EXERCISE PROMPT:
All of the entries are to be returned word for word.

[Saved entries]
/---

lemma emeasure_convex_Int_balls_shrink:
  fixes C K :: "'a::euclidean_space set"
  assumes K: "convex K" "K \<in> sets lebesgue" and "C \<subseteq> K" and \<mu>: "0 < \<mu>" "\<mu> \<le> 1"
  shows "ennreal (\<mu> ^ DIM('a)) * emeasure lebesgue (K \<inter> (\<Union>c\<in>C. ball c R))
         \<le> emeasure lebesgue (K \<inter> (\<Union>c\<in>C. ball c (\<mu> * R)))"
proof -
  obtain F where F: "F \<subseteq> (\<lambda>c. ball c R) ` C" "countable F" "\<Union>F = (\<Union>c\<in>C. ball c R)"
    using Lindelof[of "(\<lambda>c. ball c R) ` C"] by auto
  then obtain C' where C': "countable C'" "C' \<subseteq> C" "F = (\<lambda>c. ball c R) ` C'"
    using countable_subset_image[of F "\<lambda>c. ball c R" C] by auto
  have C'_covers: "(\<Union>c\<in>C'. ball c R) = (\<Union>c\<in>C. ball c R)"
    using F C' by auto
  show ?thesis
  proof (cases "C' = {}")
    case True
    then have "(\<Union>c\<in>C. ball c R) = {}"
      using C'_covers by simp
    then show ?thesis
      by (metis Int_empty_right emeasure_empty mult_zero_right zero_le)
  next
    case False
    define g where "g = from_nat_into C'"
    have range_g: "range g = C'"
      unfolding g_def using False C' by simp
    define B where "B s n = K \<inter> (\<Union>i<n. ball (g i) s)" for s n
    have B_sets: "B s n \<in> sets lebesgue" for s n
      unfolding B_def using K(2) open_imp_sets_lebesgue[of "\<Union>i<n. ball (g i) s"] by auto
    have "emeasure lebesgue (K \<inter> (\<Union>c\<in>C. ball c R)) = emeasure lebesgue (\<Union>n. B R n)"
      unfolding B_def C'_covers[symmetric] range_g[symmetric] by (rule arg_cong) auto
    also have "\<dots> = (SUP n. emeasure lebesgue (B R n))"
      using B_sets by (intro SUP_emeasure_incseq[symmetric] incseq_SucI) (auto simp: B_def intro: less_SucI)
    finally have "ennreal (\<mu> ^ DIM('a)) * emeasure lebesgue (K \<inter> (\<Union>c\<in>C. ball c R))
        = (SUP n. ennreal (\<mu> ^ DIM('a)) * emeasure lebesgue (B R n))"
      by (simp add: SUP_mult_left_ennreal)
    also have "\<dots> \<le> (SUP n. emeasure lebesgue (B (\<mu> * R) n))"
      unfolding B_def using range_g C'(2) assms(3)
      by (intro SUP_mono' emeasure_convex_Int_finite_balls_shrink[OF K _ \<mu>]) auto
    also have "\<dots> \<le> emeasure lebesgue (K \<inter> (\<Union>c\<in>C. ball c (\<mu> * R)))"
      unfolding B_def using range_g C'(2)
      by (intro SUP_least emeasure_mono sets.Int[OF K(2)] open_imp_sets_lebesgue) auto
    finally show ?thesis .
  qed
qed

\---

THE COMPLETED TASK:
lemma emeasure_convex_Int_balls_shrink:
  fixes C K :: "'a::euclidean_space set"
  assumes K: "convex K" "K \<in> sets lebesgue" and "C \<subseteq> K" and \<mu>: "0 < \<mu>" "\<mu> \<le> 1"
  shows "ennreal (\<mu> ^ DIM('a)) * emeasure lebesgue (K \<inter> (\<Union>c\<in>C. ball c R))
         \<le> emeasure lebesgue (K \<inter> (\<Union>c\<in>C. ball c (\<mu> * R)))"
proof -
  obtain F where F: "F \<subseteq> (\<lambda>c. ball c R) ` C" "countable F" "\<Union>F = (\<Union>c\<in>C. ball c R)"
    using Lindelof[of "(\<lambda>c. ball c R) ` C"] by auto
  then obtain C' where C': "countable C'" "C' \<subseteq> C" "F = (\<lambda>c. ball c R) ` C'"
    using countable_subset_image[of F "\<lambda>c. ball c R" C] by auto
  have C'_covers: "(\<Union>c\<in>C'. ball c R) = (\<Union>c\<in>C. ball c R)"
    using F C' by auto
  show ?thesis
  proof (cases "C' = {}")
    case True
    then have "(\<Union>c\<in>C. ball c R) = {}"
      using C'_covers by simp
    then show ?thesis
      by (metis Int_empty_right emeasure_empty mult_zero_right zero_le)
  next
    case False
    define g where "g = from_nat_into C'"
    have range_g: "range g = C'"
      unfolding g_def using False C' by simp
    define B where "B s n = K \<inter> (\<Union>i<n. ball (g i) s)" for s n
    have B_sets: "B s n \<in> sets lebesgue" for s n
      unfolding B_def using K(2) open_imp_sets_lebesgue[of "\<Union>i<n. ball (g i) s"] by auto
    have "emeasure lebesgue (K \<inter> (\<Union>c\<in>C. ball c R)) = emeasure lebesgue (\<Union>n. B R n)"
      unfolding B_def C'_covers[symmetric] range_g[symmetric] by (rule arg_cong) auto
    also have "\<dots> = (SUP n. emeasure lebesgue (B R n))"
      using B_sets by (intro SUP_emeasure_incseq[symmetric] incseq_SucI) (auto simp: B_def intro: less_SucI)
    finally have "ennreal (\<mu> ^ DIM('a)) * emeasure lebesgue (K \<inter> (\<Union>c\<in>C. ball c R))
        = (SUP n. ennreal (\<mu> ^ DIM('a)) * emeasure lebesgue (B R n))"
      by (simp add: SUP_mult_left_ennreal)
    also have "\<dots> \<le> (SUP n. emeasure lebesgue (B (\<mu> * R) n))"
      unfolding B_def using range_g C'(2) assms(3)
      by (intro SUP_mono' emeasure_convex_Int_finite_balls_shrink[OF K _ \<mu>]) auto
    also have "\<dots> \<le> emeasure lebesgue (K \<inter> (\<Union>c\<in>C. ball c (\<mu> * R)))"
      unfolding B_def using range_g C'(2)
      by (intro SUP_least emeasure_mono sets.Int[OF K(2)] open_imp_sets_lebesgue) auto
    finally show ?thesis .
  qed
qed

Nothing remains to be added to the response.